Hiding in White Text: Word Documents with Embedded Payloads

Published: 2016-07-06
Last Updated: 2016-07-11 17:31:25 UTC
by Johannes Ullrich (Version: 1)
1 comment(s)

This is a guest diary by Yaser Mansour. Due to the extensive use of images, please note that all the images are clickable to view them at full size. A PDF version of this diary is available here

Malicious macros in Office documents are not new, and several samples have been analyzed here at the ISC Diary website. Usually, the macro script is used to drop the second stage malware either by reaching to the internet or by extracting a binary embedded in the Office document itself. In this post, we will examine two similar malicious documents that were observed separately with each dropping a different malware sample, namely, NetWiredRC and iSpy.

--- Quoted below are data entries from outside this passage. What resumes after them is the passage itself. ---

text \<open>Offspring of the current generation (individuals indexed 0..N-1), labelled by
  pairs (k, j): the j-th child of individual k, for j < x k.\<close>
definition offspring :: "nat \<Rightarrow> (nat \<Rightarrow> nat) \<Rightarrow> (nat \<times> nat) set" where
  "offspring N x = {(k, j). k < N \<and> j < x k}"

text \<open>Joint law of (X_{.,N}, nu_{.,N}) for the Cannings model with i.i.d. offspring
  numbers of law q: X_0,...,X_{N-1} i.i.d. with law q; then N of the S_N offspring are
  sampled uniformly without replacement, and nu_k counts sampled children of individual k.\<close>
definition cannings :: "nat pmf \<Rightarrow> nat \<Rightarrow> ((nat \<Rightarrow> nat) \<times> (nat \<Rightarrow> nat)) pmf" where
  "cannings q N =
     bind_pmf (Pi_pmf {..<N} 0 (\<lambda>_. q))
       (\<lambda>x. map_pmf (\<lambda>T. (x, \<lambda>k. card {j. (k, j) \<in> T}))
              (pmf_of_set {T. T \<subseteq> offspring N x \<and> card T = N}))"

definition coal_prob :: "nat pmf \<Rightarrow> nat \<Rightarrow> real" where
  "coal_prob q N =
     measure_pmf.expectation (cannings q N)
        (\<lambda>(x, v). real (v 0) * (real (v 0) - 1)) / (real N - 1)"

end

theory Submission
  imports Defs "HOL-Real_Asymp.Real_Asymp"
begin
lemma inversions_push_bij:
  assumes "strict_mono_on I f" "strict_mono_on J f" "\<rho> \<in> bijs I J"
  shows "inversions (f ` I) (push_bij f I \<rho>) = inversions I \<rho>"
proof -
  have "inj_on (map_prod f f) (inversion_set I \<rho>)"
    using strict_mono_on_imp_inj_on[OF assms(1)] unfolding inversion_set_def inj_on_def by auto
  then show ?thesis
    unfolding inversions_eq_card inversion_set_push_bij[OF assms] by (rule card_image)
qed

lemma minor_coeff_relabel:
  assumes "strict_mono_on I f" "strict_mono_on J f"
  shows "minor_coeff N (f ` I) (f ` J) g = minor_coeff (\<lambda>i j. N (f i) (f j)) I J g"
proof -
  have inj: "inj_on f I" "inj_on f J"
    using assms by (simp_all add: strict_mono_on_imp_inj_on)
  have "prod_coeff (\<lambda>x. N x (push_bij f I \<rho> x)) (f ` I) g = prod_coeff (\<lambda>i. N (f i) (f (\<rho> i))) I g"
    for \<rho>
    using prod_coeff_reindex[OF inj_on_imp_bij_betw[OF inj(1)]] push_bij_apply[OF inj]
    by (simp cong: prod_coeff_cong)
  then show ?thesis
    unfolding minor_coeff_def sum.reindex_bij_betw[OF bij_betw_push_bij[OF inj], symmetric]
    using inversions_push_bij[OF assms] by (auto intro: sum.cong)
qed

definition trop_singular_minors :: "nat \<Rightarrow> nat \<Rightarrow> (nat \<Rightarrow> nat \<Rightarrow> real) \<Rightarrow> bool" where
  "trop_singular_minors n r A \<longleftrightarrow>
     (\<forall>I J. I \<subseteq> {..<n} \<longrightarrow> J \<subseteq> {..<n} \<longrightarrow> card I = r \<longrightarrow> card J = r \<longrightarrow> sym_trop_singular A I J)"

definition low_rank_sym_lift :: "nat \<Rightarrow> nat \<Rightarrow> (nat \<Rightarrow> nat \<Rightarrow> real) \<Rightarrow> bool" where
  "low_rank_sym_lift n r A \<longleftrightarrow> (\<exists>M. sym_lift n A M \<and> rank_le_minors n r M)"

lemma minors_trop_basis_iff:
  "minors_trop_basis n r \<longleftrightarrow>
     (\<forall>A. sym_real n A \<longrightarrow> (trop_singular_minors n r A \<longleftrightarrow> low_rank_sym_lift n r A))"
  unfolding minors_trop_basis_def trop_singular_minors_def low_rank_sym_lift_def ..

lemma minor_coeff_empty: "minor_coeff M {} {} 0 = 1"
proof -
  have "{\<alpha> :: nat \<Rightarrow> real. \<forall>i. \<alpha> i = 0} = {\<lambda>_. 0}"
    by auto
  then show ?thesis
    unfolding minor_coeff_def prod_coeff_def inversions_def bijs_empty by simp
qed

lemma minors_trop_basis_0: "minors_trop_basis 0 r"
proof (cases "r = 0")
  case True
  have "\<not> sym_trop_singular A {} {}" for A
    unfolding sym_trop_singular_def bijs_empty by simp
  moreover have "\<not> rank_le_minors 0 0 M" for M
    using minor_coeff_empty[of M] unfolding rank_le_minors_def minor_vanishes_def
    by (metis card.empty empty_subsetI one_neq_zero)
  ultimately show ?thesis
    using True unfolding minors_trop_basis_iff trop_singular_minors_def low_rank_sym_lift_def by auto
next
  case False
  then show ?thesis
    unfolding minors_trop_basis_iff trop_singular_minors_def low_rank_sym_lift_def sym_lift_def
      rank_le_minors_def by auto
qed

lemma rank_le_minors_mono: "m \<le> n \<Longrightarrow> rank_le_minors n r M \<Longrightarrow> rank_le_minors m r M"
  unfolding rank_le_minors_def by (metis lessThan_subset_iff subset_trans)

section \<open>Duplicating the last row and column\<close>

definition dup_last :: "nat \<Rightarrow> (nat \<Rightarrow> nat \<Rightarrow> 'a) \<Rightarrow> nat \<Rightarrow> nat \<Rightarrow> 'a" where
  "dup_last k A i j = A (min i k) (min j k)"

lemma dup_last_submatrix_cases:
  assumes "I \<subseteq> {..<Suc (Suc k)}" "J \<subseteq> {..<Suc (Suc k)}"
  obtains (rows) "k \<in> I" "Suc k \<in> I"
    | (cols) "k \<in> J" "Suc k \<in> J"
    | (relabel) "strict_mono_on I (\<lambda>i. min i k)" "strict_mono_on J (\<lambda>i. min i k)"
      "(\<lambda>i. min i k) ` I \<subseteq> {..<Suc k}" "(\<lambda>i. min i k) ` J \<subseteq> {..<Suc k}"
proof -
  have "strict_mono_on X (\<lambda>i. min i k)" if "X \<subseteq> {..<Suc (Suc k)}" "\<not> (k \<in> X \<and> Suc k \<in> X)" for X
    using that unfolding strict_mono_on_def by (auto simp: less_Suc_eq min_def subset_iff)
  then show ?thesis
    using assms that by fastforce
qed

lemma sym_real_dup_last: "sym_real (Suc k) A \<Longrightarrow> sym_real (Suc (Suc k)) (dup_last k A)"
  unfolding sym_real_def dup_last_def by simp

lemma sym_lift_dup_last:
  "sym_lift (Suc k) A M \<Longrightarrow> sym_lift (Suc (Suc k)) (dup_last k A) (dup_last k M)"
  unfolding sym_lift_def dup_last_def by simp

lemma rank_le_minors_dup_last:
  assumes "rank_le_minors (Suc k) r M"
  shows "rank_le_minors (Suc (Suc k)) r (dup_last k M)"
  unfolding rank_le_minors_def minor_vanishes_def
proof (intro allI impI)
  fix I J g assume IJ: "I \<subseteq> {..<Suc (Suc k)}" "J \<subseteq> {..<Suc (Suc k)}" "card I = r" "card J = r"
  have fin: "finite I"
    using IJ(1) finite_subset by blast
  from IJ(1,2) show "minor_coeff (dup_last k M) I J g = 0"
  proof (cases rule: dup_last_submatrix_cases)
    case rows
    have "dup_last k M k = dup_last k M (Suc k)"
      by (simp add: dup_last_def fun_eq_iff)
    then show ?thesis
      using minor_coeff_equal_adjacent_rows[OF fin rows lessI] by simp
  next
    case cols
    have "dup_last k M i k = dup_last k M i (Suc k)" for i
      by (simp add: dup_last_def)
    then show ?thesis
      using minor_coeff_equal_adjacent_cols[OF fin cols lessI] by simp
  next
    case relabel
    have "card ((\<lambda>i. min i k) ` I) = r" "card ((\<lambda>i. min i k) ` J) = r"
      using IJ(3,4) card_image[OF strict_mono_on_imp_inj_on[OF relabel(1)]]
        card_image[OF strict_mono_on_imp_inj_on[OF relabel(2)]] by simp_all
    then have "minor_coeff M ((\<lambda>i. min i k) ` I) ((\<lambda>i. min i k) ` J) g = 0"
      using assms relabel(3,4) unfolding rank_le_minors_def minor_vanishes_def by blast
    then show ?thesis
      unfolding minor_coeff_relabel[OF relabel(1,2)] dup_last_def[abs_def] .
  qed
qed

lemma low_rank_sym_lift_dup_last:
  "low_rank_sym_lift (Suc (Suc k)) r (dup_last k A) \<longleftrightarrow> low_rank_sym_lift (Suc k) r A"
proof
  assume "low_rank_sym_lift (Suc (Suc k)) r (dup_last k A)"
  then obtain M where "sym_lift (Suc (Suc k)) (dup_last k A) M" "rank_le_minors (Suc (Suc k)) r M"
    unfolding low_rank_sym_lift_def by blast
  then have "sym_lift (Suc k) A M" "rank_le_minors (Suc k) r M"
    using rank_le_minors_mono[of "Suc k" "Suc (Suc k)"] unfolding sym_lift_def dup_last_def by auto
  then show "low_rank_sym_lift (Suc k) r A"
    unfolding low_rank_sym_lift_def by blast
next
  assume "low_rank_sym_lift (Suc k) r A"
  then show "low_rank_sym_lift (Suc (Suc k)) r (dup_last k A)"
    unfolding low_rank_sym_lift_def using sym_lift_dup_last rank_le_minors_dup_last by blast
qed

lemma trop_singular_minors_dup_last:
  "trop_singular_minors (Suc (Suc k)) r (dup_last k A) \<longleftrightarrow> trop_singular_minors (Suc k) r A"
proof
  assume sing: "trop_singular_minors (Suc (Suc k)) r (dup_last k A)"
  show "trop_singular_minors (Suc k) r A"
    unfolding trop_singular_minors_def
  proof (intro allI impI)
    fix I J assume IJ: "I \<subseteq> {..<Suc k}" "J \<subseteq> {..<Suc k}" "card I = r" "card J = r"
    then have "I \<subseteq> {..<Suc (Suc k)}" "J \<subseteq> {..<Suc (Suc k)}"
      by auto
    then have "sym_trop_singular (dup_last k A) I J"
      using sing IJ(3,4) unfolding trop_singular_minors_def by blast
    moreover have "sym_trop_singular (dup_last k A) I J \<longleftrightarrow> sym_trop_singular A I J"
      using IJ(1,2)
      by (intro sym_trop_singular_cong) (auto simp: dup_last_def subset_iff less_Suc_eq_le min_absorb1)
    ultimately show "sym_trop_singular A I J"
      by blast
  qed
next
  assume sing: "trop_singular_minors (Suc k) r A"
  show "trop_singular_minors (Suc (Suc k)) r (dup_last k A)"
    unfolding trop_singular_minors_def
  proof (intro allI impI)
    fix I J assume IJ: "I \<subseteq> {..<Suc (Suc k)}" "J \<subseteq> {..<Suc (Suc k)}" "card I = r" "card J = r"
    then have fin: "finite I" "finite J" "card I = card J"
      using finite_subset by auto
    from IJ(1,2) show "sym_trop_singular (dup_last k A) I J"
    proof (cases rule: dup_last_submatrix_cases)
      case rows
      have "dup_last k A k = dup_last k A (Suc k)"
        by (simp add: dup_last_def fun_eq_iff)
      then show ?thesis
        using sym_trop_singular_equal_rows[OF fin rows] by simp
    next
      case cols
      have "dup_last k A i k = dup_last k A i (Suc k)" for i
        by (simp add: dup_last_def)
      then show ?thesis
        using sym_trop_singular_equal_cols[OF fin cols] by simp
    next
      case relabel
      have "card ((\<lambda>i. min i k) ` I) = r" "card ((\<lambda>i. min i k) ` J) = r"
        using IJ(3,4) card_image[OF strict_mono_on_imp_inj_on[OF relabel(1)]]
          card_image[OF strict_mono_on_imp_inj_on[OF relabel(2)]] by simp_all
      then have "sym_trop_singular A ((\<lambda>i. min i k) ` I) ((\<lambda>i. min i k) ` J)"
        using sing relabel(3,4) unfolding trop_singular_minors_def by blast
      then show ?thesis
        unfolding dup_last_def[abs_def]
        by (rule sym_trop_singular_relabel[OF strict_mono_on_imp_inj_on strict_mono_on_imp_inj_on,
              OF relabel(1,2) fin(1)])
    qed
  qed
qed

theorem corollary3:
  fixes n r :: nat
  assumes "\<not> minors_trop_basis n r"
  shows "\<not> minors_trop_basis (Suc n) r"
proof
  assume basis: "minors_trop_basis (Suc n) r"
  obtain k where n: "n = Suc k"
    using assms minors_trop_basis_0 by (cases n) auto
  obtain A where A: "sym_real n A" "trop_singular_minors n r A \<noteq> low_rank_sym_lift n r A"
    using assms unfolding minors_trop_basis_iff by blast
  have "sym_real (Suc n) (dup_last k A)"
    using sym_real_dup_last A(1) unfolding n .
  moreover have "trop_singular_minors (Suc n) r (dup_last k A) \<noteq> low_rank_sym_lift (Suc n) r (dup_last k A)"
    using A(2) unfolding n trop_singular_minors_dup_last low_rank_sym_lift_dup_last .
  ultimately show False
    using basis unfolding minors_trop_basis_iff by blast
qed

There are several interesting facts about the samples we are going to analyze today:

  1. The macro embedded in the Office document does not reach to the internet. Instead, it extracts a binary embedded in the Word document itself in ASCII hex format and writes it to disk.
  2. Both malicious Word documents were observed separately. However, both use the same technique to extract the embedded binary as well as the same decoy message enticing the end user to enabled macros.
  3. During network forensics of the NetWiredRC malware, a new C&C command was observed which was not reported by [1][2]. This also resulted in a total of 9 custom Snort signatures being submitted and published in Snort Community Ruleset [3][4].
  4. The iSpy sample generated new network traffic patterns than what were observed previously. More about this in the following sections.

Brief History of NetWiredRC and iSpy Malware Samples

NetWiredRC RAT family has been extensively discussed by security researchers [1][2], and recently TALOS released Snort signatures to detect NetWiredRC over the network [3], and a new signature for the new NetWiredRC command[4].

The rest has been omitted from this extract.